• Exercise brief
Below are entries. Reproduce exactly the lines between the line holding "0, j) * \<psi>" and the line holding "tensor factor agrees", inclusive, and only those.

[Entries taken from a collection]
(* Let $n\ge 2$, let $\mathcal{S}\subseteq(\mathbb{C}^d)^{\otimes n}$ be the permutation-symmetric subspace, and let $B=P\,J\,P^{-1}$ be a $d\times d$ complex matrix with Jordan normal form $J$, whose distinct eigenvalues are $\lambda_1,\ldots,\lambda_p$. Let $\tilde\lambda_1,\ldots,\tilde\lambda_p$ be pairwise distinct complex numbers, and let $\tilde J$ be obtained from $J$ by replacing, in every Jordan block, the eigenvalue $\lambda_i$ by $\tilde\lambda_i$ (keeping the block sizes and the superdiagonal ones), and set $\tilde B=P\tilde J P^{-1}$. Then for every $|\psi\rangle\in\mathcal{S}$: $B_{(1)}|\psi\rangle\in\mathcal{S}$ if and only if $\tilde B_{(1)}|\psi\rangle\in\mathcal{S}$.
   Context: $\mathcal{S}$ is the set of vectors in $(\mathbb{C}^d)^{\otimes n}$ invariant under all permutations of the $n$ tensor factors. For a $d\times d$ matrix $Y$, $Y_{(1)}$ denotes $Y\otimes\mathbb{I}\otimes\cdots\otimes\mathbb{I}$ on $(\mathbb{C}^d)^{\otimes n}$. One says $B$ stabilizes $|\psi\rangle\in\mathcal{S}$ if $B_{(1)}|\psi\rangle\in\mathcal{S}$; the theorem says the set of states stabilized by $B$ depends only on the Jordan block structure (which blocks share an eigenvalue), not on the eigenvalue values. *)

theory Defs
  imports "Jordan_Normal_Form.Jordan_Normal_Form" "HOL-Combinatorics.Permutations"
begin

text \<open>Vectors of (C^d)^{tensor n} are represented by their coordinates: functions
  from index tuples i (tensor factors 0..n-1, each index in 0..d-1) to complex numbers.
  Tensor factor 1 of the paper is factor 0 here.\<close>

definition tuples :: "nat \<Rightarrow> nat \<Rightarrow> (nat \<Rightarrow> nat) set" where
  "tuples n d = {i. (\<forall>k<n. i k < d) \<and> (\<forall>k\<ge>n. i k = 0)}"

definition symmetric_tensor :: "nat \<Rightarrow> nat \<Rightarrow> ((nat \<Rightarrow> nat) \<Rightarrow> complex) \<Rightarrow> bool" where
  "symmetric_tensor n d \<psi> \<longleftrightarrow>
     (\<forall>i\<in>tuples n d. \<forall>\<sigma>. \<sigma> permutes {..<n} \<longrightarrow> \<psi> (i \<circ> \<sigma>) = \<psi> i)"

definition apply_first :: "nat \<Rightarrow> complex mat \<Rightarrow> ((nat \<Rightarrow> nat) \<Rightarrow> complex) \<Rightarrow> ((nat \<Rightarrow> nat) \<Rightarrow> complex)" where
  "apply_first d Y \<psi> = (\<lambda>i. \<Sum>j<d. Y $$ (i 0, j) * \<psi> (i(0 := j)))"

end

theory Submission
  imports Defs
begin

text \<open>For symmetric \<open>\<psi>\<close>, the vector \<open>B\<^sub>(\<^sub>1\<^sub>)\<psi>\<close> is symmetric iff \<open>B\<close> acting on the first
  tensor factor agrees with \<open>B\<close> acting on every other factor k. Freezing all factors but the first
  and the k-th turns \<open>\<psi>\<close> into a \<open>d \<times> d\<close> matrix \<open>M\<close>, and the agreement becomes \<open>B M = M B\<^sup>T\<close>.
  Writing \<open>X = P\<^sup>-\<^sup>1 M (P\<^sup>-\<^sup>1)\<^sup>T\<close>, this is \<open>J X = X J\<^sup>T\<close>, whose \<open>(a, b)\<close> entry compares
  \<open>(\<lambda>\<^sub>a - \<lambda>\<^sub>b) X\<^sub>a\<^sub>b\<close> with entries to the right of and below \<open>(a, b)\<close>. Descending from the bottom-right
  corner, \<open>X\<^sub>a\<^sub>b = 0\<close> whenever \<open>\<lambda>\<^sub>a \<noteq> \<lambda>\<^sub>b\<close>, so the equation only depends on which diagonal
  positions carry equal eigenvalues, which an injective relabelling preserves.\<close>

definition apply_factor :: "nat \<Rightarrow> nat \<Rightarrow> complex mat \<Rightarrow> ((nat \<Rightarrow> nat) \<Rightarrow> complex) \<Rightarrow> (nat \<Rightarrow> nat) \<Rightarrow> complex" where
  "apply_factor d k Y \<psi> = (\<lambda>i. \<Sum>j<d. Y $$ (i k, j) * \<psi> (i(k := j)))"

• Written response
  "apply_first d Y \<psi> = (\<lambda>i. \<Sum>j<d. Y $$ (i 0, j) * \<psi> (i(0 := j)))"

end

theory Submission
  imports Defs
begin

text \<open>For symmetric \<open>\<psi>\<close>, the vector \<open>B\<^sub>(\<^sub>1\<^sub>)\<psi>\<close> is symmetric iff \<open>B\<close> acting on the first
  tensor factor agrees with \<open>B\<close> acting on every other factor k. Freezing all factors but the first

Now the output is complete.